(Stored items from a collection)
________________________

lemma single_leaf_binary_tree_nodes:
  assumes binary: "is_binary_network N" and "is_tree N"
    and root: "is_root N \<rho>" and leaves: "leaves N = {l}"
  shows "nodes N = {\<rho>, l}"
proof -
  have nw: "is_network N" using binary by (rule binary_network_is_network)
  define T where "T = {v \<in> nodes N. is_tree_node N v}"
  have leaf_l: "is_leaf N l" using leaves unfolding leaves_def by blast
  have "v = \<rho> \<or> v = l \<or> v \<in> T" if "v \<in> nodes N" for v
  proof -
    have "\<not> is_reticulation N v" using \<open>is_tree N\<close> by (simp add: is_tree_def)
    moreover have "is_root N v \<Longrightarrow> v = \<rho>" using nw root unfolding is_network_def by blast
    moreover have "is_leaf N v \<Longrightarrow> v = l" using leaves unfolding leaves_def by blast
    ultimately show ?thesis using network_node_cases[OF nw that] that unfolding T_def by blast
  qed
  then have nodes_eq: "nodes N = insert \<rho> (insert l T)"
    using root leaf_l unfolding T_def is_root_def is_leaf_def by blast
  have fin: "finite T" using network_finite_nodes[OF nw] unfolding T_def by simp
  have "l \<notin> T" "\<rho> \<notin> insert l T"
    using root leaf_l unfolding T_def is_root_def is_leaf_def is_tree_node_def by auto
  then have sum_eq: "(\<Sum>v\<in>nodes N. f v) = f \<rho> + f l + (\<Sum>v\<in>T. f v)" for f :: "'a \<Rightarrow> nat"
    unfolding nodes_eq using fin by simp
  have tree_degrees: "indeg N v = 1" "outdeg N v = 2" if "v \<in> T" for v
    using that binary unfolding T_def is_binary_network_def is_tree_node_def by auto
  have "(\<Sum>v\<in>T. indeg N v) = card T" "(\<Sum>v\<in>T. outdeg N v) = 2 * card T"
    using sum.cong[OF refl tree_degrees(1), of T] sum.cong[OF refl tree_degrees(2), of T] by simp_all
  then have "card T + 1 = 1 + 2 * card T"
    using sum_eq[of "indeg N"] sum_eq[of "outdeg N"] root leaf_l
      sum_indeg_eq_card_arcs[OF nw] sum_outdeg_eq_card_arcs[OF nw]
    unfolding is_root_def is_leaf_def by simp
  then have "T = {}" using fin by simp
  then show ?thesis using nodes_eq by simp
qed

lemma strong_HGT_labelling_single_leaf_tree:
  assumes binary: "is_binary_network N" and "is_tree N" and "card (leaves N) = 1"
  shows "\<exists>t. strong_HGT_labelling N t"
proof -
  have nw: "is_network N" using binary by (rule binary_network_is_network)
  obtain \<rho> where root: "is_root N \<rho>" using nw unfolding is_network_def by blast
  obtain l where leaves: "leaves N = {l}" using \<open>card (leaves N) = 1\<close> by (auto simp: card_1_singleton_iff)
  have nodes: "nodes N = {\<rho>, l}"
    using single_leaf_binary_tree_nodes[OF binary \<open>is_tree N\<close> root leaves] .
  have leaf_l: "is_leaf N l" using leaves unfolding leaves_def by blast
  then have "\<rho> \<noteq> l" using root unfolding is_root_def is_leaf_def by auto
  have arc: "a = \<rho> \<and> b = l" if ab: "(a, b) \<in> arcs N" for a b
  proof -
    have "a \<in> {\<rho>, l}" "b \<in> {\<rho>, l}" using network_arc_nodes[OF nw ab] nodes by auto
    moreover have "a \<noteq> b" using network_arc_irrefl[OF nw ab] .
    moreover have "b \<noteq> \<rho>" using root_no_parent[OF nw root] ab by blast
    ultimately show ?thesis by auto
  qed
  obtain w where "(\<rho>, w) \<in> arcs N"
    using outdeg_one_children[of N \<rho>] root unfolding is_root_def by blast
  define t :: "'a \<Rightarrow> real" where "t v = (if v = \<rho> then -1 else 1)" for v
  have "strong_HGT_labelling N t"
  proof (rule strong_HGT_labellingI)
    show "t a \<le> t b \<and> (t a = t b \<longrightarrow> is_reticulation N b)" if "(a, b) \<in> arcs N" for a b
      using arc[OF that] \<open>\<rho> \<noteq> l\<close> unfolding t_def by simp
    show "\<exists>v. (u, v) \<in> arcs N \<and> t u < t v" if "is_internal N u" for u
    proof -
      have "u = \<rho>" using that nodes leaf_l unfolding is_internal_def by auto
      moreover have "w = l" using arc \<open>(\<rho>, w) \<in> arcs N\<close> by blast
      ultimately show ?thesis using \<open>(\<rho>, w) \<in> arcs N\<close> \<open>\<rho> \<noteq> l\<close> unfolding t_def by auto
    qed
    show "(t u = t r) \<noteq> (t v = t r)" if "is_reticulation N r" for r u v :: 'a
      using that \<open>is_tree N\<close> by (simp add: is_tree_def)
    show "tree_reticulation_arc N a b \<or> tree_reticulation_arc N b a"
      if "a \<in> nodes N" "b \<in> nodes N" "a \<noteq> b" "t a = t b" for a b
      using that nodes unfolding t_def by auto
    show "(is_leaf N v \<longrightarrow> 0 < t v) \<and> (\<not> is_leaf N v \<longrightarrow> t v < 0)" if "v \<in> nodes N" for v
      using that nodes leaf_l root \<open>\<rho> \<noteq> l\<close> unfolding t_def is_root_def is_leaf_def by auto
  qed
  then show ?thesis by blast
qed

section \<open>Induction along a cherry-picking sequence\<close>

lemma reduce_pair_binary_and_labelling_lift:
  assumes binary: "is_binary_network N"
  shows "is_binary_network (reduce_pair N (x, y)) \<and>
    ((\<exists>t'. strong_HGT_labelling (reduce_pair N (x, y)) t') \<longrightarrow> (\<exists>t. strong_HGT_labelling N t))"
proof (cases "is_cherry N x y")
  case True
  then obtain p g where "cherry_configuration N x y p g"
    using cherry_configurationE[OF binary] by blast
  then interpret cherry_configuration N x y p g .
  have "is_binary_network (bypass N {x, p} {(g, y)})"
    by (rule bypass_reduction.binary_network_bypass[OF bypass_reduction])
  then show ?thesis
    unfolding reduce_pair_eq using strong_HGT_labelling_lift by blast
next
  case not_cherry: False
  show ?thesis
  proof (cases "is_reticulated_cherry N x y")
    case True
    then obtain p r g q where "reticulated_cherry_configuration N x y p r g q"
      using reticulated_cherry_configurationE[OF binary] by blast
    then interpret reticulated_cherry_configuration N x y p r g q .
    have "is_binary_network (bypass N {p, r} {(g, y), (q, x)})"
      by (rule bypass_reduction.binary_network_bypass[OF bypass_reduction])
    then show ?thesis
      unfolding reduce_pair_eq using strong_HGT_labelling_lift by blast
  next
    case False
    then have "reduce_pair N (x, y) = N"
      using not_cherry unfolding reduce_pair_def by (simp add: Let_def)
    then show ?thesis using binary by simp
  qed
qed

lemma strong_HGT_labelling_if_reduces_to_single_leaf_tree:
  "is_binary_network N \<Longrightarrow> is_tree (reduce_seq N S) \<Longrightarrow> card (leaves (reduce_seq N S)) = 1 \<Longrightarrow>
    \<exists>t. strong_HGT_labelling N t"
proof (induction S arbitrary: N)
  case Nil
  then show ?case using strong_HGT_labelling_single_leaf_tree by (simp add: reduce_seq_def)
next
  case (Cons xy S)
  obtain x y where xy: "xy = (x, y)" by (cases xy)
  have "reduce_seq N (xy # S) = reduce_seq (reduce_pair N (x, y)) S"
    unfolding reduce_seq_def xy by simp
  moreover have "is_binary_network (reduce_pair N (x, y))"
    using reduce_pair_binary_and_labelling_lift[OF Cons.prems(1)] by blast
  ultimately obtain t' where "strong_HGT_labelling (reduce_pair N (x, y)) t'"
    using Cons.IH Cons.prems(2,3) by fastforce
  then show ?case using reduce_pair_binary_and_labelling_lift[OF Cons.prems(1)] by blast
qed

theorem mainTheorem3:
  fixes N :: "'a graph"
  assumes "is_binary_network N"
    and "is_orchard N"
  shows "\<exists>t :: 'a \<Rightarrow> real. HGT_consistent N t \<and>
           (\<forall>a \<in> nodes N. \<forall>b \<in> nodes N. a \<noteq> b \<and> t a = t b \<longrightarrow>
              ((a, b) \<in> arcs N \<and> is_tree_node N a \<and> is_reticulation N b) \<or>
              ((b, a) \<in> arcs N \<and> is_tree_node N b \<and> is_reticulation N a))"
proof -
  obtain S where "is_tree (reduce_seq N S)" "card (leaves (reduce_seq N S)) = 1"
    using assms(2) unfolding is_orchard_def by blast
  then obtain t where "strong_HGT_labelling N t"
    using strong_HGT_labelling_if_reduces_to_single_leaf_tree[OF assms(1)] by blast
  then show ?thesis
    unfolding strong_HGT_labelling_def ties_on_reticulation_arcs_def tree_reticulation_arc_def
    by blast
qed

end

________________________

**WHAT TO WORK ON**. Repeat the line containing "case (Cons xy S)" and all subsequent lines through the final line of the data, exactly and with no others.

**THE COMPLETED TASK**.
  case (Cons xy S)
  obtain x y where xy: "xy = (x, y)" by (cases xy)
  have "reduce_seq N (xy # S) = reduce_seq (reduce_pair N (x, y)) S"
    unfolding reduce_seq_def xy by simp
  moreover have "is_binary_network (reduce_pair N (x, y))"
    using reduce_pair_binary_and_labelling_lift[OF Cons.prems(1)] by blast
  ultimately obtain t' where "strong_HGT_labelling (reduce_pair N (x, y)) t'"
    using Cons.IH Cons.prems(2,3) by fastforce
  then show ?case using reduce_pair_binary_and_labelling_lift[OF Cons.prems(1)] by blast
qed

theorem mainTheorem3:
  fixes N :: "'a graph"
  assumes "is_binary_network N"
    and "is_orchard N"
  shows "\<exists>t :: 'a \<Rightarrow> real. HGT_consistent N t \<and>
           (\<forall>a \<in> nodes N. \<forall>b \<in> nodes N. a \<noteq> b \<and> t a = t b \<longrightarrow>
              ((a, b) \<in> arcs N \<and> is_tree_node N a \<and> is_reticulation N b) \<or>
              ((b, a) \<in> arcs N \<and> is_tree_node N b \<and> is_reticulation N a))"
proof -
  obtain S where "is_tree (reduce_seq N S)" "card (leaves (reduce_seq N S)) = 1"
    using assms(2) unfolding is_orchard_def by blast
  then obtain t where "strong_HGT_labelling N t"
    using strong_HGT_labelling_if_reduces_to_single_leaf_tree[OF assms(1)] by blast
  then show ?thesis
    unfolding strong_HGT_labelling_def ties_on_reticulation_arcs_def tree_reticulation_arc_def
    by blast
qed

end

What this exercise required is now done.